= ASSIGNED TASK =
Read the lines below. Copy out any that hold the string "mathbf".

-------- TASK INPUTS --------

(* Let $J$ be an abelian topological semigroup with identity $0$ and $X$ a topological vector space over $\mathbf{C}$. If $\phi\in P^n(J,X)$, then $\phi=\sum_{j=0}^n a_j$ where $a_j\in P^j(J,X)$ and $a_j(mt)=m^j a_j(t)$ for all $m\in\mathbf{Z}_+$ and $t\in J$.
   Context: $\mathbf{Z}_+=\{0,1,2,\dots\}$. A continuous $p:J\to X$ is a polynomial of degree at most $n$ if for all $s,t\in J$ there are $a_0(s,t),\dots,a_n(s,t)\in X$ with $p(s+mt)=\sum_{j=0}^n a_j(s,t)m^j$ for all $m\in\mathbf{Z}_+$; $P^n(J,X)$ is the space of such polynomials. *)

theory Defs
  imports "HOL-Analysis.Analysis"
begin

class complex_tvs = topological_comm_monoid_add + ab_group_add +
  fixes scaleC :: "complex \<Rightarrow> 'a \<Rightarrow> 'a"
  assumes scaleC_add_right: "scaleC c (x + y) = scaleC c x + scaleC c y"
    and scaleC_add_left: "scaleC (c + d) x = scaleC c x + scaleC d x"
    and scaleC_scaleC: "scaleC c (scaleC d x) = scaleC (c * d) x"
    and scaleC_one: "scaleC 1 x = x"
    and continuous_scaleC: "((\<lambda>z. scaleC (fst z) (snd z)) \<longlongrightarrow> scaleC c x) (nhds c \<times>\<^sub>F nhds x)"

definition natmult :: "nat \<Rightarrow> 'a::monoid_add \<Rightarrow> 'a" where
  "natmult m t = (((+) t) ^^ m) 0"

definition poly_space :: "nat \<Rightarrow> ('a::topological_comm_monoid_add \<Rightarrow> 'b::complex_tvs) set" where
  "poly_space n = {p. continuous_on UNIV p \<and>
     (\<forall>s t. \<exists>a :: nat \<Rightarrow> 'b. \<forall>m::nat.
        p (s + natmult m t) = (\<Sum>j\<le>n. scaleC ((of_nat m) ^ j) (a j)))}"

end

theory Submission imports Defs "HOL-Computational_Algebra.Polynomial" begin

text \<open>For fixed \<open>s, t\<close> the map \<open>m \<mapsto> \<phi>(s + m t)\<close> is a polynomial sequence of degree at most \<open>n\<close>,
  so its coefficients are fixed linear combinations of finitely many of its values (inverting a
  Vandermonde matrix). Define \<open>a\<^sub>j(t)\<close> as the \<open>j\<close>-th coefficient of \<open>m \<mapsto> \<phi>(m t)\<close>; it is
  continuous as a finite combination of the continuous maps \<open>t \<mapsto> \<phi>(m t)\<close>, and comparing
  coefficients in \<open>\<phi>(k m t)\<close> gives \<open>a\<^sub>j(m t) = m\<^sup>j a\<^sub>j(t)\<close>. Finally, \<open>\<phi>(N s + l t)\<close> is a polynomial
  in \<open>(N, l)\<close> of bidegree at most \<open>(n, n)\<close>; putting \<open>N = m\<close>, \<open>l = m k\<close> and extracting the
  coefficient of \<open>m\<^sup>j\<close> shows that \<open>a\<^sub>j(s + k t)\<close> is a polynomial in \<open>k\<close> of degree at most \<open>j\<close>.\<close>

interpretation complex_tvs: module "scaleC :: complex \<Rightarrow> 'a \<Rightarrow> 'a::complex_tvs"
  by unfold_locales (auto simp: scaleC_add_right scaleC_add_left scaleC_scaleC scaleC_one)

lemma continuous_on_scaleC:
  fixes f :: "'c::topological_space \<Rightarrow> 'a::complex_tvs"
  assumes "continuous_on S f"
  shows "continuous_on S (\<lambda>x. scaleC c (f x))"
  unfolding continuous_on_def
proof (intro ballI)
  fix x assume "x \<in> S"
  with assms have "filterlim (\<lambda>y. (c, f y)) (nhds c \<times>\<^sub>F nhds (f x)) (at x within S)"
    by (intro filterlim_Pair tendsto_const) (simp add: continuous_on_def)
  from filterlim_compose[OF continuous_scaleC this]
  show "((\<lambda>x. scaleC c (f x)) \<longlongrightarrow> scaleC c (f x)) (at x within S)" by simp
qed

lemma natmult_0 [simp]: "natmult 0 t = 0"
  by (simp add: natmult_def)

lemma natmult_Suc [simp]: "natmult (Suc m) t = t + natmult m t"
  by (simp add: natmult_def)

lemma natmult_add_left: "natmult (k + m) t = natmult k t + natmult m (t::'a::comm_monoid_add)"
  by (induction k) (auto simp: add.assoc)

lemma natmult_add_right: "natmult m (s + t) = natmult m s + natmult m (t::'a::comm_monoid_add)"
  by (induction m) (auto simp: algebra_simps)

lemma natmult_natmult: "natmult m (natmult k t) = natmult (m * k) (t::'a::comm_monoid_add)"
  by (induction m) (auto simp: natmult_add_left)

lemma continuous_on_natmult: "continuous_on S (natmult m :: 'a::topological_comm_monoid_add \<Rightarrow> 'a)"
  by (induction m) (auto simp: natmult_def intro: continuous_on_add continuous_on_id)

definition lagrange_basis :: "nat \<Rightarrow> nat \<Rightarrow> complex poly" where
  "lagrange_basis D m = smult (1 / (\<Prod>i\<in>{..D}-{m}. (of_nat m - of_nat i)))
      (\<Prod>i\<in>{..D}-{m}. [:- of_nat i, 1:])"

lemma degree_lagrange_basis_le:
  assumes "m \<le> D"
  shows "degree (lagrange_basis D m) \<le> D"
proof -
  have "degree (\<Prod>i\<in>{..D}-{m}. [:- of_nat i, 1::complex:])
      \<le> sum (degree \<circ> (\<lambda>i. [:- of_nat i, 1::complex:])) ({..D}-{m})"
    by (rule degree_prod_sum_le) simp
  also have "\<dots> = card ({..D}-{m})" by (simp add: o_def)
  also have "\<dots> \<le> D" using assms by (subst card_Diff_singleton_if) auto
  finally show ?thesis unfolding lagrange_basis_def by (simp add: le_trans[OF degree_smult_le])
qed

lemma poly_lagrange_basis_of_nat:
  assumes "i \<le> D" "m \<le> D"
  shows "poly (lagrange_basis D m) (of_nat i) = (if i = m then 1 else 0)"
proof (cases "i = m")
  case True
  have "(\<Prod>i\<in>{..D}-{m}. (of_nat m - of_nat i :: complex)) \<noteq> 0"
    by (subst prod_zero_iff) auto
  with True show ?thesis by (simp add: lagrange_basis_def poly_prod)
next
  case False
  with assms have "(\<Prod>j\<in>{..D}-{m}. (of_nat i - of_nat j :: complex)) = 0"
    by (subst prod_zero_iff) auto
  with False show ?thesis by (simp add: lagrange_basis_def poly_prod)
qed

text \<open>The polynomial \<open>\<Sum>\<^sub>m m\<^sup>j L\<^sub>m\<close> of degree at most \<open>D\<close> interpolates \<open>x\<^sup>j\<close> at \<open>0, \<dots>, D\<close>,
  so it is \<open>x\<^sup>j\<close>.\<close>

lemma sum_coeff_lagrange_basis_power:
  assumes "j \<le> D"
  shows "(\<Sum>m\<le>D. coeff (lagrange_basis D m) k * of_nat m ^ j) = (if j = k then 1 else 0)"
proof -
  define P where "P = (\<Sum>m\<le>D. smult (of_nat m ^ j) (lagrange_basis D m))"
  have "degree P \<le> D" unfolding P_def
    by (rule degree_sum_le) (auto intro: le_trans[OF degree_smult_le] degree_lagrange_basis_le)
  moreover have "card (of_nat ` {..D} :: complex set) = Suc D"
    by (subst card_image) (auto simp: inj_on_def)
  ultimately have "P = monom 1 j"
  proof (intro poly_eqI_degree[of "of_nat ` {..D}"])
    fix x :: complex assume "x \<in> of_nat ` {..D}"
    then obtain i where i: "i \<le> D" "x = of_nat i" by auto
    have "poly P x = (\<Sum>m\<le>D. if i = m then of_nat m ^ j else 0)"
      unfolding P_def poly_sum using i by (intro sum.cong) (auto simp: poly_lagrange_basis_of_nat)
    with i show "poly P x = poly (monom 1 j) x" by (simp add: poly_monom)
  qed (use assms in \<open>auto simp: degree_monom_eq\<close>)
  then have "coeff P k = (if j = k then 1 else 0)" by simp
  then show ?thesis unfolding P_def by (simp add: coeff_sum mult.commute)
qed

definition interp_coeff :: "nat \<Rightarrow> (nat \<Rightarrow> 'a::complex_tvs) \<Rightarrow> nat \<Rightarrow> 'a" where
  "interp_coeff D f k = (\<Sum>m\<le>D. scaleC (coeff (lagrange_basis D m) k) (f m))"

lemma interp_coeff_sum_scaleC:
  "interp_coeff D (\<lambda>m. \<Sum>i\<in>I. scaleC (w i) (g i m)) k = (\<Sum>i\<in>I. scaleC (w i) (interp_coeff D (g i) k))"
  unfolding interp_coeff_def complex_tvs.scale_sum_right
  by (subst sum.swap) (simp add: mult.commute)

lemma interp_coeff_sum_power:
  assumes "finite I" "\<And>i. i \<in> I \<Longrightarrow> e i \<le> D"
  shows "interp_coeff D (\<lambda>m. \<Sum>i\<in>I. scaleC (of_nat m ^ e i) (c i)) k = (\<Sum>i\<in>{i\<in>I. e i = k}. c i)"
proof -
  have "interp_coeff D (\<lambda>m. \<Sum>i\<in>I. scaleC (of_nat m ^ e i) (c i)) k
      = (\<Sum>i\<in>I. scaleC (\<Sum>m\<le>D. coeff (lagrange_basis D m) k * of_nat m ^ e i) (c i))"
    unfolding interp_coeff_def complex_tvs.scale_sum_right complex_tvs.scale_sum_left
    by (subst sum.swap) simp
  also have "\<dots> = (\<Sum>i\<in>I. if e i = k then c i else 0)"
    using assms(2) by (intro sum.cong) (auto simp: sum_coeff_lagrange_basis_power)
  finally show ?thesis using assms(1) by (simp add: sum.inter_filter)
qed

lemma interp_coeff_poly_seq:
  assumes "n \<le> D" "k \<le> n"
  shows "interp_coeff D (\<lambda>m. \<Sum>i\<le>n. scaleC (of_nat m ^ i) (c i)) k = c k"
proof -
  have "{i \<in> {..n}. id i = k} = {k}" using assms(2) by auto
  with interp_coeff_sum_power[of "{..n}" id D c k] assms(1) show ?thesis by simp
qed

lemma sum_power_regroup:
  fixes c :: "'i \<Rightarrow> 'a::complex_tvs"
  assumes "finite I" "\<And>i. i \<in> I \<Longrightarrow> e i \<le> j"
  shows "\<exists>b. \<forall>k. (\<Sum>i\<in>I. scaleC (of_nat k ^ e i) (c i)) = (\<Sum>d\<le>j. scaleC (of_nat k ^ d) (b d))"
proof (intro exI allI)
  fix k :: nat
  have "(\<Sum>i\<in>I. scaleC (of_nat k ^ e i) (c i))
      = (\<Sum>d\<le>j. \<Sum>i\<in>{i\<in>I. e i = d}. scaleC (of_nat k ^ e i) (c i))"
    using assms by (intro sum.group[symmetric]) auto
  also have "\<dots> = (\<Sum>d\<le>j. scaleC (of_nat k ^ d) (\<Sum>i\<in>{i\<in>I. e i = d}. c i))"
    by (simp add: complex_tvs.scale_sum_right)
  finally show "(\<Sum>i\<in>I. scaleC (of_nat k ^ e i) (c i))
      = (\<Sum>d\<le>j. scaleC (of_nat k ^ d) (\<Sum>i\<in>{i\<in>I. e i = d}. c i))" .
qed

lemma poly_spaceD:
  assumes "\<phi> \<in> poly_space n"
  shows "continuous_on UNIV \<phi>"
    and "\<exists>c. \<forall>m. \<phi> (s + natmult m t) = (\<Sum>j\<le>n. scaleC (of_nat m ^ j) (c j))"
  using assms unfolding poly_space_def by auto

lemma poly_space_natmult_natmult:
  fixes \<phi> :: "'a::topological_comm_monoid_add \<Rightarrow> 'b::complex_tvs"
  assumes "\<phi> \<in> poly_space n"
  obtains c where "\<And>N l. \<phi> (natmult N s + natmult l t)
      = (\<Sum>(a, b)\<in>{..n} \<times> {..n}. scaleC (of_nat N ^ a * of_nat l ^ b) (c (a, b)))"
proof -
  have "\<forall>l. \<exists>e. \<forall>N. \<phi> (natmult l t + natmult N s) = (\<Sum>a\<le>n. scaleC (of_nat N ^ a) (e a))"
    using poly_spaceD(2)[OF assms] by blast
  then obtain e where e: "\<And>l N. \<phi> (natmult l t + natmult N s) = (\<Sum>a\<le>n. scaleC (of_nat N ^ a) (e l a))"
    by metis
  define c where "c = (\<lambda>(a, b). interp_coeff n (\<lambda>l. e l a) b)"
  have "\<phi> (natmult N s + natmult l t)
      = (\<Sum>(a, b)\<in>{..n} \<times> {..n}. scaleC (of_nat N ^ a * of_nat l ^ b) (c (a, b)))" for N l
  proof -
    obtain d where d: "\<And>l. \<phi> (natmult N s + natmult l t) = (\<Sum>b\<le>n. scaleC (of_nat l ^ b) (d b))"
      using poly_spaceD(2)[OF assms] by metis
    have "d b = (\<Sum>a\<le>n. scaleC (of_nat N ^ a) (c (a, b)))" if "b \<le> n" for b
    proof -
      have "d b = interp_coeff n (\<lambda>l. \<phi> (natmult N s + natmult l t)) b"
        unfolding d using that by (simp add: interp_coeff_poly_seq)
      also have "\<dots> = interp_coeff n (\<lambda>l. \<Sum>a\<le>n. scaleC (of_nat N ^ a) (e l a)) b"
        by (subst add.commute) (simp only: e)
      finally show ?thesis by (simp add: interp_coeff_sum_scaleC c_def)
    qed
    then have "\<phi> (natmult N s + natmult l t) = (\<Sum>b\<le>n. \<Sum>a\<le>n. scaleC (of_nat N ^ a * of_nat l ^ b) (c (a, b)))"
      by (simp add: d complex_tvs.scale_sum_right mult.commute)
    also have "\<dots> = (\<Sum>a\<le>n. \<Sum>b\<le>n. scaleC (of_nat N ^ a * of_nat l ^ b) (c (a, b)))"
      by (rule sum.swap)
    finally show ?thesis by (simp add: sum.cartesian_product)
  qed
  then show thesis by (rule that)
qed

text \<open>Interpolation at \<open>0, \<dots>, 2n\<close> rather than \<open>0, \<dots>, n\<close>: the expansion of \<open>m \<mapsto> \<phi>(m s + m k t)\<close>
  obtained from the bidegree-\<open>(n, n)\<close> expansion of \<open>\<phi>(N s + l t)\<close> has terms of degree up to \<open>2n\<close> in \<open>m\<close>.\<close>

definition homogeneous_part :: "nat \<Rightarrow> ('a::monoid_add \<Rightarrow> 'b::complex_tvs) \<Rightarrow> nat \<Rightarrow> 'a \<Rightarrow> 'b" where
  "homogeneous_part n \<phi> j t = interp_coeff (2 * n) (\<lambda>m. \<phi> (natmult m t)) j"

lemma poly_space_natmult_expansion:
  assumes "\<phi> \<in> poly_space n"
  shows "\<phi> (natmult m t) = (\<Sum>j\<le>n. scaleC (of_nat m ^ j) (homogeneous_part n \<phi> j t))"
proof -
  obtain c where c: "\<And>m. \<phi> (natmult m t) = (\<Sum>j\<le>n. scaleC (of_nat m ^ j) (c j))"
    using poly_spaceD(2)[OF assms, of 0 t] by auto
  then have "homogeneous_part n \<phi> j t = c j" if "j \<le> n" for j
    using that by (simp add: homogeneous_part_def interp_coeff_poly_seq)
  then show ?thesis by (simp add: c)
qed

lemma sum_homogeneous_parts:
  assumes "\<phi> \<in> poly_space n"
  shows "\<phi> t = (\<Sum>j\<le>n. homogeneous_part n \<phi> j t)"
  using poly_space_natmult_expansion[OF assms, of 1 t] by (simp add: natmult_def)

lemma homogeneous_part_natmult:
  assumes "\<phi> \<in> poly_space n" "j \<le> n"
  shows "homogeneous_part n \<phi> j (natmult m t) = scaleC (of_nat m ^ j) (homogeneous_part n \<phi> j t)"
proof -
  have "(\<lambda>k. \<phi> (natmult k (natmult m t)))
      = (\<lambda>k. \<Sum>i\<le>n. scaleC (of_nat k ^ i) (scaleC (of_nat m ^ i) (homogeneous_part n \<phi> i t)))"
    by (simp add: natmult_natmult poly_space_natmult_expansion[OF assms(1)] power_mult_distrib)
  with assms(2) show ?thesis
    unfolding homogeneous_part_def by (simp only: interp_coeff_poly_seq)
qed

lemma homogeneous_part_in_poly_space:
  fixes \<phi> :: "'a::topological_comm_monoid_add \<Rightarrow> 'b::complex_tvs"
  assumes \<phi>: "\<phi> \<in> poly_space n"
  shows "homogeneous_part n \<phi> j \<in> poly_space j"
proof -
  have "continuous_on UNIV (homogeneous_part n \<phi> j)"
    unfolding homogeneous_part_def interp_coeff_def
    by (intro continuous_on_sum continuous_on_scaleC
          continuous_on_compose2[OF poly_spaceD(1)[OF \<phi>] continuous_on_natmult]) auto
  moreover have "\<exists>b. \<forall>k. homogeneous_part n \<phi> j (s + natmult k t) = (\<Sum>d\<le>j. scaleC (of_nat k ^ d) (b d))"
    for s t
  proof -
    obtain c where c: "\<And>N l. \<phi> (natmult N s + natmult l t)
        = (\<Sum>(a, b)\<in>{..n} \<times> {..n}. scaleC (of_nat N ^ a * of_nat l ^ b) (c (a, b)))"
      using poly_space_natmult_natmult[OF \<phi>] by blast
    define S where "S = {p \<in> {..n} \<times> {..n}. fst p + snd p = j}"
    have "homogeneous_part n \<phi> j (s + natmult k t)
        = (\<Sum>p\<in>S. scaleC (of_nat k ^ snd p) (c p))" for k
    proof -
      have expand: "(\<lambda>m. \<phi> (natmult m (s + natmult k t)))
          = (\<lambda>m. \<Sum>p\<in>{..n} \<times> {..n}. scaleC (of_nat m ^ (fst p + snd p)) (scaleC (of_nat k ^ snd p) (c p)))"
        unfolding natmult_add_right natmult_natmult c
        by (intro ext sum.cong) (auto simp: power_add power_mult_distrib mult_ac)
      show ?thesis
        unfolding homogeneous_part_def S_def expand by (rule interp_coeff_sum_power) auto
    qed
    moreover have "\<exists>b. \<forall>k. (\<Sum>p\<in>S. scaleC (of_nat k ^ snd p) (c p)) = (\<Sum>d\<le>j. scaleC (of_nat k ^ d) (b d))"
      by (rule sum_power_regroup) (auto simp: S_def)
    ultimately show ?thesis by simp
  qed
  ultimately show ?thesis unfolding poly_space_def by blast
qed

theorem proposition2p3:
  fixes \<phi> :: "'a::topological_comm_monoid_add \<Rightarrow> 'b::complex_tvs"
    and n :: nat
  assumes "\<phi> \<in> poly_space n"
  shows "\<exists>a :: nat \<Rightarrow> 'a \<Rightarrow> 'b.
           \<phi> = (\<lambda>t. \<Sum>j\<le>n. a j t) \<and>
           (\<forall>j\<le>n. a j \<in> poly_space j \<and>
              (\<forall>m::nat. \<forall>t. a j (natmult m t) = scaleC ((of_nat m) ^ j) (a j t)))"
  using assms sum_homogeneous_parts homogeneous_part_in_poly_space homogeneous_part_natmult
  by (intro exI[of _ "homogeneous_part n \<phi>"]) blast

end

--------

= SOLUTION TO THIS EXERCISE =
(* Let $J$ be an abelian topological semigroup with identity $0$ and $X$ a topological vector space over $\mathbf{C}$. If $\phi\in P^n(J,X)$, then $\phi=\sum_{j=0}^n a_j$ where $a_j\in P^j(J,X)$ and $a_j(mt)=m^j a_j(t)$ for all $m\in\mathbf{Z}_+$ and $t\in J$.
   Context: $\mathbf{Z}_+=\{0,1,2,\dots\}$. A continuous $p:J\to X$ is a polynomial of degree at most $n$ if for all $s,t\in J$ there are $a_0(s,t),\dots,a_n(s,t)\in X$ with $p(s+mt)=\sum_{j=0}^n a_j(s,t)m^j$ for all $m\in\mathbf{Z}_+$; $P^n(J,X)$ is the space of such polynomials. *)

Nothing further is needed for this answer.